Думаю, с полчаса пролетело в тишине, когда в комнату вкрадчиво проскользнул Джеффи. Его глаза округлились так же, как у Хлои не так давно, когда на них запечатлелся мой образ. Я предостерегающе подняла палец, и он замер мышонок мышонком, но по-мышиному же принялся исследовать обстановку: приоткрыл ящик комода и, просунув руку туда, где обычно лежали мои кружева, с торжествующим восторгом извлек вышеупомянутый парик.
«Зачем, по-твоему, эта штука ему понадобилась?» — прошептал Джеффи, указывая на мягкие, светлые пряди вьющихся волос, лежавшие на подушке.
Джеффи был избалованным мальчишкой — «моих рук дело», как все говорили, и, возможно, это было правдой. Он был сыном Хлои, унаследовал ее манеры и любящее сердце, и за это я прощала ему многое.
Я сказала: «Цыц!» — после чего он подбросил парик и водрузил его на макушку своих спутанных кудрей, прежде чем я успела его остановить.
Я протянула за ним руку, не решаясь произнести хоть слово из страха потревожить больного; но Джеффи, с непростительным упрямством, отпрыгнул в сторону, и в тот же миг больной повернул голову и увидел Джеффи, завладевшего его имуществом. Джеффи принял крайне раскаянный вид, произнес тихо и извиняющеся: «Простите», и, вернув парик в ящик, поспешил ретироваться — чего, я знаю, он не сделал бы, не будь больной столь немощен, что мог лишь гневно смотреть. Я так надеялась, что он проспит до чьего-нибудь прихода; но этот злосчастный Джеффи рассеял мои надежды и оставил меня в жалком затруднении.
Тщетно пытаясь вернуть рассеявшееся влияние Морфея, я обратилась к одному из средств таинственного божества и, испросив его помощи, принялась готовить микстуру. Я не могла сразу отыскать ложку. Когда же нашла ее, то сбилась со счета капель опиата и была вынуждена начать все сначала, и всё это время красивое лицо с большими умоляющими глазами держало меня в мучительном плену. Когда я повернулась к нему и поднесла стакан к его губам, я задрожала так, как не дрожала даже в церкви, когда мы с Авраамом Акстеллом стояли перед распахнутым зевом могилы. Все слова, услышанные мной в тот день на башне, гремели в воздухе подобно трубным звукам и сотрясали меня своей вибрирующей силой.
«Я на небесах?»
Именно этот голос говорил мисс Акстелл: «Ты выпроводишь меня отсюда?» — и вот теперь он произнес эти слова.

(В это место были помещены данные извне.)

lemma left_dominates_upd_least_not_full:
  assumes pos: "\<forall>i \<in> {2..k}. a i > 0" and "prefixA a k b"
    and "\<exists>i. \<not> full_tuple a k phi (b @ [i])" "m = (LEAST i. \<not> full_tuple a k phi (b @ [i]))"
  shows "prefixA a k (b @ [m]) \<and> (0 < m \<longrightarrow> left_dominates a k (phi(x := True)) b (m - 1))"
proof -
  have "\<not> full_tuple a k phi (b @ [m])"
    using LeastI_ex[OF assms(3)] assms(4) by simp
  then have prefix_m: "prefixA a k (b @ [m])"
    using full_tuple_if_not_prefixA by blast
  have "left_dominates a k (phi(x := True)) b (m - 1)" if "0 < m"
  proof -
    have "full_tuple a k phi (b @ [m - 1])"
      using not_less_Least[of "m - 1" "\<lambda>i. \<not> full_tuple a k phi (b @ [i])"] assms(4) that by simp
    moreover have "prefixA a k (b @ [m - 1])"
      using prefixA_snocI[OF pos assms(2)] prefixA_snocD[OF prefix_m]
      by (simp add: less_imp_diff_less)
    ultimately show ?thesis
      using nonempty_tuple_if_full_tuple nonempty_tuple_upd full_tuple_upd
      unfolding left_dominates_def by blast
  qed
  with prefix_m show ?thesis
    by blast
qed

lemma next_call_siblings_monotone_below:
  assumes "next_call a k b phi phi'"
    and pos: "\<forall>i \<in> {2..k}. a i > 0"
    and a2_min: "\<forall>i \<in> {3..k}. a 2 \<le> a i"
  shows "prefixA a k b \<Longrightarrow> siblings_monotone_below a k b phi \<Longrightarrow> siblings_monotone_below a k b phi'"
  using assms(1)
proof (induction rule: next_call.induct)
  case (base b m phi)
  have "k \<le> length (b @ [m]) + 1"
    using base.hyps(1) by simp
  then show ?case
    by (rule siblings_monotone_below_upd[OF base.prems(2) siblings_monotone_below_bottom _
          left_dominates_upd_leaf[OF base.hyps]]) simp
next
  case (step b m0 phi m phi')
  from next_call_upd[OF step.hyps(5)] obtain x
    where x: "phi' = phi(x := True)" "take (Suc (length b)) x = b @ [m]"
    by auto
  have "prefixA a k (b @ [m]) \<and> (0 < m \<longrightarrow> left_dominates a k (phi(x := True)) b (m - 1))"
  proof (cases "a 2 \<le> m0")
    case True
    then show ?thesis
      using left_dominates_upd_least_not_full[OF pos step.prems(1)] step.hyps(3,4) by simp
  next
    case False
    then have m: "m = m0" "m < a 2"
      using step.hyps(4) by simp_all
    have L: "k - length b \<in> {3..k}" "length b + 3 \<le> k"
      using step.hyps(1) by auto
    then have "a 2 \<le> a (k - length b)"
      using a2_min by blast
    then have "prefixA a k (b @ [m])"
      using prefixA_snocI[OF pos step.prems(1)] m(2) L(2) by simp
    moreover have "m = (LEAST i. \<not> nonempty_tuple a k phi (b @ [i]))"
      using step.hyps(2) m(1) by simp
    ultimately show ?thesis
      using left_dominates_upd_least_empty[of m a k phi b, OF _ _ m(2) _ L(2)] by blast
  qed
  then have prefix_m: "prefixA a k (b @ [m])"
    and left: "0 < m \<Longrightarrow> left_dominates a k (phi(x := True)) b (m - 1)"
    by simp_all
  have "siblings_monotone_below a k (b @ [m]) phi'"
    using step.IH[OF prefix_m siblings_monotone_below_snoc[OF step.prems(2)]] .
  then show ?case
    unfolding x(1) by (rule siblings_monotone_below_upd[OF step.prems(2) _ x(2) left])
qed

Уж не впадал ли он снова в бред? Мне хотелось удержать его на нашей планете, и я сказала:
«О нет, на небесах морфий не нужен».
«Зато там нужна ты. Ты должна уйти прямо сейчас», — сказал он и попытался взять стакан из моих рук.
«Я никогда не была на небесах», — ответила я.
«Тогда они обманывают, обманывают, и никаких небес не существует! О, что, если в конце концов такого места и впрямь нет?»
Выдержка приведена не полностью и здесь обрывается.